Jack Saturday

Thursday, February 12, 2009

Anti-Wage-Slavery, Pro-Freedom Quotations Of The Week 324-326



I have always said that February is the Tuesday of the year. Monday is cool because it has a great reason for sucking, being that it's the beginning of the work week. Wednesday is cool because it's "hump day", and who doesn't like anything that has "hump" in it. But Tuesday? It just sucks. It's pointless. Just like February. A black hole of despair that you hope will get better, but never does.
mental meatloaf


The core of oppression is economic; oppression theory always begins and ends in economic terms. The relevant term today is classism. It was once slavery, later it was feudalism. It is now separation of people by class, the fundamental division being between those who make their living by their own work (working class) and those who make money off other peoples' work (owning class). Other divisions (poor, low, middle-class, professional, etc.) are sub-categories of working class, reflecting varying degrees of privilege or advantage in our society. It is absolutely necessary in thinking about psychiatric oppression to be very aware of economics and money. For a full and powerful exposition, I refer the reader to Thomas Szasz' book, 'Cruel Compassion', in which he shows how psychiatry serves a societal function in modern times, analogous to prisons and poorhouses of the recent past. Large numbers of people are drugged, confined and supported by the state, not because they are sick, but because they are unproductive and unwanted. "From the sixteenth to the nineteenth century adult dependents were coerced primarily on economic grounds, because they were a financial burden on the productive members of society. Since then, they have increasingly been coerced on therapeutic grounds, because they are mentally ill and hence are a danger to themselves and others. Both remedies aggravate the problem."

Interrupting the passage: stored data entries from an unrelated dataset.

text \<open>If \<open>f\<close> grows at rate at most \<open>C\<close> and is huge on a fixed proportion of \<open>[1, N]\<close>, then one of
  the geometric bands \<open>(\<rho>^r, \<rho>^(r+1)]\<close> is rarely visited; \<open>long_high_run_exists\<close> then yields an
  excursion above \<open>\<rho>^r\<close> which, rescaled by \<open>\<rho>^-r\<close>, stays above \<open>\<rho> > K\<close> most of the time.\<close>
lemma rescaled_high_run_exists:
  fixes C K \<epsilon> \<theta> :: real and M :: nat
  assumes C1: "C \<ge> 1" and eps: "\<epsilon> > 0" and th: "\<theta> > 0"
  obtains k0 where "\<And>f N. (\<And>j. f (Suc j) \<le> C * f j) \<Longrightarrow> f 0 \<le> 1 \<Longrightarrow> N \<ge> 1 \<Longrightarrow>
      real (card {j\<in>{1..N}. f j \<ge> k0}) \<ge> \<epsilon> * real N \<Longrightarrow>
      \<exists>s c L. c > 0 \<and> L \<ge> M \<and> c * f s \<le> 1 \<and>
        real (card {j\<in>{1..L}. c * f (s + j) \<ge> K}) \<ge> (1 - \<theta>) * real L"
proof -
  define \<rho> where "\<rho> = max (C + 1) (K + 1)"
  have rhoC: "\<rho> > C" and rhoK: "\<rho> > K" and rho1: "\<rho> > 1" using C1 unfolding \<rho>_def by auto
  define cc where "cc = real M + 1 / \<theta>"
  define R where "R = nat \<lceil>cc / \<epsilon>\<rceil> + 1"
  have R1: "R \<ge> 1" unfolding R_def by simp
  have Rbig: "\<epsilon> * real R > cc"
  proof -
    have "real R > cc / \<epsilon>" unfolding R_def by linarith
    thus ?thesis using eps by (simp add: divide_simps mult.commute)
  qed
  show ?thesis
  proof (rule that[of "\<rho> ^ (R+1)"])
    fix f :: "nat \<Rightarrow> real" and N :: nat
    assume step: "\<And>j. f (Suc j) \<le> C * f j" and f0: "f 0 \<le> 1" and N1: "N \<ge> 1"
      and cnt: "real (card {j\<in>{1..N}. f j \<ge> \<rho> ^ (R+1)}) \<ge> \<epsilon> * real N"
    define B where "B r = {j\<in>{1..N}. \<rho> ^ r < f j \<and> f j \<le> \<rho> ^ (r+1)}" for r
    obtain r where r: "r < R" "real R * real (card (B r)) \<le> real N"
      using sparse_band_exists[OF rho1 R1] unfolding B_def by blast
    let ?t = "\<rho> ^ r" and ?T = "\<rho> ^ (r+1)"
    have tpos: "?t > 0" and t1: "?t \<ge> 1" using rho1 by simp_all
    have "card {j\<in>{1..N}. f j \<ge> \<rho> ^ (R+1)} \<le> card {j\<in>{1..N}. f j > ?T}"
    proof (intro card_upto_mono)
      fix j assume "f j \<ge> \<rho> ^ (R+1)"
      moreover have "\<rho> ^ (r+1) < \<rho> ^ (R+1)" using rho1 r(1) by (intro power_strict_increasing) auto
      ultimately show "f j > ?T" by simp
    qed
    moreover have "cc * real (card (B r)) < \<epsilon> * real N"
    proof -
      have "cc * real (card (B r)) \<le> cc * (real N / real R)"
        using r(2) R1 th by (intro mult_left_mono) (auto simp: cc_def divide_simps mult.commute)
      also have "\<dots> < \<epsilon> * real N"
        using mult_strict_right_mono[OF Rbig, of "real N"] N1 R1 by (simp add: divide_simps algebra_simps)
      finally show ?thesis .
    qed
    ultimately have "real (card {j\<in>{1..N}. f j > ?T}) > cc * real (card (B r))"
      using cnt by linarith
    moreover have "C * ?t < ?T" using rhoC tpos by simp
    moreover have "C \<ge> 0" using C1 by simp
    moreover have "f 0 \<le> ?t" using f0 t1 by linarith
    moreover have "?t \<le> ?T" using rho1 tpos by simp
    ultimately obtain s l where sl: "f s \<le> ?t" "l \<ge> M" "\<forall>j\<in>{1..l}. f (s+j) > ?t"
        "real (card {j\<in>{1..l}. f (s+j) \<le> ?T}) \<le> \<theta> * real l"
      using long_high_run_exists[where f=f and t="?t" and T="?T" and C=C and \<theta>=\<theta> and M=M and N=N]
        step th unfolding B_def cc_def by blast
    define c where "c = 1 / ?t"
    have cpos: "c > 0" and ct: "c * ?t = 1" and cT: "c * ?T = \<rho>"
      unfolding c_def using tpos rho1 by simp_all
    have "c * f s \<le> 1" using sl(1) cpos ct by (metis mult_left_mono less_imp_le)
    moreover have "real (card {j\<in>{1..l}. c * f (s + j) \<ge> K}) \<ge> (1 - \<theta>) * real l"
    proof -
      have "card {j\<in>{1..l}. \<not> f (s+j) \<le> ?T} \<le> card {j\<in>{1..l}. c * f (s + j) \<ge> K}"
      proof (intro card_upto_mono)
        fix j assume "\<not> f (s+j) \<le> ?T"
        hence "c * f (s+j) > c * ?T" using cpos by simp
        thus "c * f (s + j) \<ge> K" using cT rhoK by linarith
      qed
      thus ?thesis using sl(4) card_upto_compl[of l "\<lambda>j. f (s+j) \<le> ?T"] by (simp add: algebra_simps)
    qed
    ultimately show "\<exists>s c L. c > 0 \<and> L \<ge> M \<and> c * f s \<le> 1 \<and>
        real (card {j\<in>{1..L}. c * f (s + j) \<ge> K}) \<ge> (1 - \<theta>) * real L"
      using cpos sl(2) by blast
  qed
qed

The bottom line is that economics is the linchpin of all oppression, including psychiatry. Psychiatry serves a major societal control function by dealing with unproductive and unwanted citizens. A related point is that oppression thrives on separation, division and fear. Fear of "mental illness" is huge. Diagnosing, labeling and treating a class of "mentally ill patients" is a powerful way of maintaining separation and division among members and segments of our society. The cloak of benevolence may protect the consciences of psychiatry's agents and their supporters, but it in no way protects the bodies and psyches of its victims.
The Necessity of Madness and Unproductivity:
Psychiatric Oppression or Human Transformation

Perhaps 20-30 percent of the people in the developed world are doing just fine financially. They are either professionals, technical experts who are indispensable in making the world economy function, former government employees on pensions, or a small minority who live off compound interest —i.e., the bankers and the rich. Most of this 20-30 percent, particularly the latter group, do not seem to have a great deal of compassion for the majority within their own nations and even less for the billions of less privileged people around the world.

For the remaining 70-80 percent who realize, with the recession now having arrived, that their livelihoods are on a slippery slope downward, possibly taking them toward personal and family catastrophe, they need only one thing —MONEY!

For many of these it would be nice to have a job, or a better job. But jobs are not the answer, even though any time a politician, economist, activist, or commentator offers an opinion on how to improve the economy they say MORE JOBS!

The way to generate income security is not to give someone a job. It is to put money —cash —in his [sic] pocket. If we began with this simple fact the economy would soon generate far more jobs than people could fill. Of course some of these jobs would be low-paying or even volunteer jobs, which would be acceptable provided that people still had enough to live on and had opportunities to earn more.

For the world economy to function and for there to be enough produced to support everyone at a decent standard of living, not everyone has to work. In fact too many workers get in each other’s way.